[Items from a data source]
══════

(* Let $R=\mathbb{F}_q+v\mathbb{F}_q+v^2\mathbb{F}_q$ with $v^3=v$, and let $C$ be a linear code of length $n$ over $R$. If $C$ is self-orthogonal (with respect to the Euclidean inner product on $R^n$), then its Gray image $\Psi(C)\subseteq\mathbb{F}_q^{3n}$ is self-orthogonal (with respect to the standard inner product on $\mathbb{F}_q^{3n}$).
   Context: $q$ is a prime power and $R=\mathbb{F}_q[v]/\langle v^3-v\rangle$; every element of $R$ is uniquely $a_0+va_1+v^2a_2$ with $a_i\in\mathbb{F}_q$. A linear code of length $n$ over $R$ is an $R$-submodule of $R^n$. The Euclidean inner product on $R^n$ is $x\cdot y=\sum_{i=0}^{n-1}x_iy_i$; $C^\perp=\{x\in R^n: x\cdot y=0\ \forall y\in C\}$, and $C$ is self-orthogonal if $C\subseteq C^\perp$. Every $c\in R^n$ can be written uniquely as $c=a_0+va_1+v^2a_2$ with $a_0,a_1,a_2\in\mathbb{F}_q^n$, and the Gray map $\Psi:R^n\to\mathbb{F}_q^{3n}$ is $\Psi(c)=(a_0,\ a_0+a_2,\ a_1)$. *)

theory Defs
  imports Main
begin

text \<open>Elements of R = F_q[v]/(v^3 - v) are represented by their coordinate triples
  (a0,a1,a2) meaning a0 + v a1 + v^2 a2.  F_q is any finite field (type class).\<close>

type_synonym 'a R = "'a \<times> 'a \<times> 'a"

definition radd :: "'a::field R \<Rightarrow> 'a R \<Rightarrow> 'a R" where
  "radd x y = (case x of (a0,a1,a2) \<Rightarrow> case y of (b0,b1,b2) \<Rightarrow> (a0+b0, a1+b1, a2+b2))"

definition rzero :: "'a::field R" where
  "rzero = (0,0,0)"

text \<open>Product of (a0+va1+v^2a2)(b0+vb1+v^2b2), reduced using v^3 = v, v^4 = v^2.\<close>
definition rmul :: "'a::field R \<Rightarrow> 'a R \<Rightarrow> 'a R" where
  "rmul x y = (case x of (a0,a1,a2) \<Rightarrow> case y of (b0,b1,b2) \<Rightarrow>
     (a0*b0,
      a0*b1 + a1*b0 + a1*b2 + a2*b1,
      a0*b2 + a2*b0 + a1*b1 + a2*b2))"

definition linear_code :: "nat \<Rightarrow> 'a::field R list set \<Rightarrow> bool" where
  "linear_code n C \<longleftrightarrow>
     C \<subseteq> {x. length x = n} \<and>
     replicate n rzero \<in> C \<and>
     (\<forall>x\<in>C. \<forall>y\<in>C. map2 radd x y \<in> C) \<and>
     (\<forall>r. \<forall>x\<in>C. map (rmul r) x \<in> C)"

definition inner_R :: "'a::field R list \<Rightarrow> 'a R list \<Rightarrow> 'a R" where
  "inner_R x y = foldr radd (map2 rmul x y) rzero"

definition dual_R :: "nat \<Rightarrow> 'a::field R list set \<Rightarrow> 'a R list set" where
  "dual_R n C = {x. length x = n \<and> (\<forall>y\<in>C. inner_R x y = rzero)}"

definition self_orth_R :: "nat \<Rightarrow> 'a::field R list set \<Rightarrow> bool" where
  "self_orth_R n C \<longleftrightarrow> C \<subseteq> dual_R n C"

definition gray :: "'a::field R list \<Rightarrow> 'a list" where
  "gray c = map (\<lambda>(a0,a1,a2). a0) c @ map (\<lambda>(a0,a1,a2). a0 + a2) c @ map (\<lambda>(a0,a1,a2). a1) c"

definition inner_F :: "'a::field list \<Rightarrow> 'a list \<Rightarrow> 'a" where
  "inner_F u w = sum_list (map2 (*) u w)"

definition dual_F :: "nat \<Rightarrow> 'a::field list set \<Rightarrow> 'a list set" where
  "dual_F m D = {x. length x = m \<and> (\<forall>y\<in>D. inner_F x y = 0)}"

definition self_orth_F :: "nat \<Rightarrow> 'a::field list set \<Rightarrow> bool" where
  "self_orth_F m D \<longleftrightarrow> D \<subseteq> dual_F m D"

end

theory Submission
  imports Defs
begin

text \<open>For single coordinates,
  \<open>a0 b0 + (a0 + a2)(b0 + b2) + a1 b1 = 2 a0 b0 + (a0 b2 + a2 b0 + a1 b1 + a2 b2)\<close>,
  i.e. twice the constant coefficient plus the \<open>v\<^sup>2\<close>-coefficient of the product in \<open>R\<close>.
  Summing over coordinates, the Gray images of two vectors have inner product
  \<open>2 c0 + c2\<close>, where \<open>c0 + v c1 + v\<^sup>2 c2\<close> is their inner product in \<open>R\<^sup>n\<close>;
  so it vanishes whenever the latter does.\<close>

lemma inner_F_append:
  "length u = length u' \<Longrightarrow> inner_F (u @ w) (u' @ w') = inner_F u u' + inner_F w w'"
  by (simp add: inner_F_def)

lemma length_gray: "length (gray x) = 3 * length x"
  by (simp add: gray_def)

lemma inner_R_Cons: "inner_R (a # x) (b # y) = radd (rmul a b) (inner_R x y)"
  by (simp add: inner_R_def)

lemma inner_F_gray:
  fixes x y :: "'a::field R list"
  assumes "length x = length y"
  shows "inner_F (gray x) (gray y) = 2 * fst (inner_R x y) + snd (snd (inner_R x y))"
  using assms
proof (induction x y rule: list_induct2)
  case Nil
  then show ?case by (simp add: inner_F_def inner_R_def gray_def rzero_def)
next
  case (Cons a x b y)
  obtain a0 a1 a2 where a: "a = (a0, a1, a2)" by (cases a) auto
  obtain b0 b1 b2 where b: "b = (b0, b1, b2)" by (cases b) auto
  have "inner_F (gray (a # x)) (gray (b # y))
      = a0 * b0 + (a0 + a2) * (b0 + b2) + a1 * b1 + inner_F (gray x) (gray y)"
    using Cons.hyps unfolding gray_def
    by (simp add: inner_F_append a b) (simp add: inner_F_def algebra_simps)
  then show ?case unfolding inner_R_Cons Cons.IH
    by (simp add: a b radd_def rmul_def split: prod.splits) (simp add: algebra_simps)
qed

lemma inner_F_gray_eq_0:
  fixes x y :: "'a::field R list"
  assumes "length x = length y" and "inner_R x y = rzero"
  shows "inner_F (gray x) (gray y) = 0"
  using inner_F_gray[OF assms(1)] assms(2) by (simp add: rzero_def)

theorem theorem3:
  fixes C :: "('a::{field,finite}) R list set" and n :: nat
  assumes "linear_code n C"
    and "self_orth_R n C"
  shows "self_orth_F (3 * n) (gray ` C)"
  unfolding self_orth_F_def
proof
  fix u assume "u \<in> gray ` C"
  then obtain x where x: "x \<in> C" and u: "u = gray x" by blast
  have orth: "length x = n \<and> (\<forall>y\<in>C. inner_R x y = rzero)"
    using assms(2) x by (auto simp: self_orth_R_def dual_R_def)
  have "inner_F (gray x) (gray y) = 0" if y: "y \<in> C" for y
  proof (rule inner_F_gray_eq_0)
    show "length x = length y"
      using orth assms(2) y by (auto simp: self_orth_R_def dual_R_def)
    show "inner_R x y = rzero" using orth y by blast
  qed
  then show "u \<in> dual_F (3 * n) (gray ` C)"
    using orth u by (auto simp: dual_F_def length_gray)
qed

end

══════

**REQUIRED WORK**:
The records shown above are to be copied exactly, every one of them.

**RESULT OF THE TASK**:
(* Let $R=\mathbb{F}_q+v\mathbb{F}_q+v^2\mathbb{F}_q$ with $v^3=v$, and let $C$ be a linear code of length $n$ over $R$. If $C$ is self-orthogonal (with respect to the Euclidean inner product on $R^n$), then its Gray image $\Psi(C)\subseteq\mathbb{F}_q^{3n}$ is self-orthogonal (with respect to the standard inner product on $\mathbb{F}_q^{3n}$).
   Context: $q$ is a prime power and $R=\mathbb{F}_q[v]/\langle v^3-v\rangle$; every element of $R$ is uniquely $a_0+va_1+v^2a_2$ with $a_i\in\mathbb{F}_q$. A linear code of length $n$ over $R$ is an $R$-submodule of $R^n$. The Euclidean inner product on $R^n$ is $x\cdot y=\sum_{i=0}^{n-1}x_iy_i$; $C^\perp=\{x\in R^n: x\cdot y=0\ \forall y\in C\}$, and $C$ is self-orthogonal if $C\subseteq C^\perp$. Every $c\in R^n$ can be written uniquely as $c=a_0+va_1+v^2a_2$ with $a_0,a_1,a_2\in\mathbb{F}_q^n$, and the Gray map $\Psi:R^n\to\mathbb{F}_q^{3n}$ is $\Psi(c)=(a_0,\ a_0+a_2,\ a_1)$. *)

theory Defs
  imports Main
begin

text \<open>Elements of R = F_q[v]/(v^3 - v) are represented by their coordinate triples
  (a0,a1,a2) meaning a0 + v a1 + v^2 a2.  F_q is any finite field (type class).\<close>

type_synonym 'a R = "'a \<times> 'a \<times> 'a"

definition radd :: "'a::field R \<Rightarrow> 'a R \<Rightarrow> 'a R" where
  "radd x y = (case x of (a0,a1,a2) \<Rightarrow> case y of (b0,b1,b2) \<Rightarrow> (a0+b0, a1+b1, a2+b2))"

definition rzero :: "'a::field R" where
  "rzero = (0,0,0)"

text \<open>Product of (a0+va1+v^2a2)(b0+vb1+v^2b2), reduced using v^3 = v, v^4 = v^2.\<close>
definition rmul :: "'a::field R \<Rightarrow> 'a R \<Rightarrow> 'a R" where
  "rmul x y = (case x of (a0,a1,a2) \<Rightarrow> case y of (b0,b1,b2) \<Rightarrow>
     (a0*b0,
      a0*b1 + a1*b0 + a1*b2 + a2*b1,
      a0*b2 + a2*b0 + a1*b1 + a2*b2))"

definition linear_code :: "nat \<Rightarrow> 'a::field R list set \<Rightarrow> bool" where
  "linear_code n C \<longleftrightarrow>
     C \<subseteq> {x. length x = n} \<and>
     replicate n rzero \<in> C \<and>
     (\<forall>x\<in>C. \<forall>y\<in>C. map2 radd x y \<in> C) \<and>
     (\<forall>r. \<forall>x\<in>C. map (rmul r) x \<in> C)"

definition inner_R :: "'a::field R list \<Rightarrow> 'a R list \<Rightarrow> 'a R" where
  "inner_R x y = foldr radd (map2 rmul x y) rzero"

definition dual_R :: "nat \<Rightarrow> 'a::field R list set \<Rightarrow> 'a R list set" where
  "dual_R n C = {x. length x = n \<and> (\<forall>y\<in>C. inner_R x y = rzero)}"

definition self_orth_R :: "nat \<Rightarrow> 'a::field R list set \<Rightarrow> bool" where
  "self_orth_R n C \<longleftrightarrow> C \<subseteq> dual_R n C"

definition gray :: "'a::field R list \<Rightarrow> 'a list" where
  "gray c = map (\<lambda>(a0,a1,a2). a0) c @ map (\<lambda>(a0,a1,a2). a0 + a2) c @ map (\<lambda>(a0,a1,a2). a1) c"

definition inner_F :: "'a::field list \<Rightarrow> 'a list \<Rightarrow> 'a" where
  "inner_F u w = sum_list (map2 (*) u w)"

definition dual_F :: "nat \<Rightarrow> 'a::field list set \<Rightarrow> 'a list set" where
  "dual_F m D = {x. length x = m \<and> (\<forall>y\<in>D. inner_F x y = 0)}"

definition self_orth_F :: "nat \<Rightarrow> 'a::field list set \<Rightarrow> bool" where
  "self_orth_F m D \<longleftrightarrow> D \<subseteq> dual_F m D"

end

theory Submission
  imports Defs
begin

text \<open>For single coordinates,
  \<open>a0 b0 + (a0 + a2)(b0 + b2) + a1 b1 = 2 a0 b0 + (a0 b2 + a2 b0 + a1 b1 + a2 b2)\<close>,
  i.e. twice the constant coefficient plus the \<open>v\<^sup>2\<close>-coefficient of the product in \<open>R\<close>.
  Summing over coordinates, the Gray images of two vectors have inner product
  \<open>2 c0 + c2\<close>, where \<open>c0 + v c1 + v\<^sup>2 c2\<close> is their inner product in \<open>R\<^sup>n\<close>;
  so it vanishes whenever the latter does.\<close>

lemma inner_F_append:
  "length u = length u' \<Longrightarrow> inner_F (u @ w) (u' @ w') = inner_F u u' + inner_F w w'"
  by (simp add: inner_F_def)

lemma length_gray: "length (gray x) = 3 * length x"
  by (simp add: gray_def)

lemma inner_R_Cons: "inner_R (a # x) (b # y) = radd (rmul a b) (inner_R x y)"
  by (simp add: inner_R_def)

lemma inner_F_gray:
  fixes x y :: "'a::field R list"
  assumes "length x = length y"
  shows "inner_F (gray x) (gray y) = 2 * fst (inner_R x y) + snd (snd (inner_R x y))"
  using assms
proof (induction x y rule: list_induct2)
  case Nil
  then show ?case by (simp add: inner_F_def inner_R_def gray_def rzero_def)
next
  case (Cons a x b y)
  obtain a0 a1 a2 where a: "a = (a0, a1, a2)" by (cases a) auto
  obtain b0 b1 b2 where b: "b = (b0, b1, b2)" by (cases b) auto
  have "inner_F (gray (a # x)) (gray (b # y))
      = a0 * b0 + (a0 + a2) * (b0 + b2) + a1 * b1 + inner_F (gray x) (gray y)"
    using Cons.hyps unfolding gray_def
    by (simp add: inner_F_append a b) (simp add: inner_F_def algebra_simps)
  then show ?case unfolding inner_R_Cons Cons.IH
    by (simp add: a b radd_def rmul_def split: prod.splits) (simp add: algebra_simps)
qed

lemma inner_F_gray_eq_0:
  fixes x y :: "'a::field R list"
  assumes "length x = length y" and "inner_R x y = rzero"
  shows "inner_F (gray x) (gray y) = 0"
  using inner_F_gray[OF assms(1)] assms(2) by (simp add: rzero_def)

theorem theorem3:
  fixes C :: "('a::{field,finite}) R list set" and n :: nat
  assumes "linear_code n C"
    and "self_orth_R n C"
  shows "self_orth_F (3 * n) (gray ` C)"
  unfolding self_orth_F_def
proof
  fix u assume "u \<in> gray ` C"
  then obtain x where x: "x \<in> C" and u: "u = gray x" by blast
  have orth: "length x = n \<and> (\<forall>y\<in>C. inner_R x y = rzero)"
    using assms(2) x by (auto simp: self_orth_R_def dual_R_def)
  have "inner_F (gray x) (gray y) = 0" if y: "y \<in> C" for y
  proof (rule inner_F_gray_eq_0)
    show "length x = length y"
      using orth assms(2) y by (auto simp: self_orth_R_def dual_R_def)
    show "inner_R x y = rzero" using orth y by blast
  qed
  then show "u \<in> dual_F (3 * n) (gray ` C)"
    using orth u by (auto simp: dual_F_def length_gray)
qed

end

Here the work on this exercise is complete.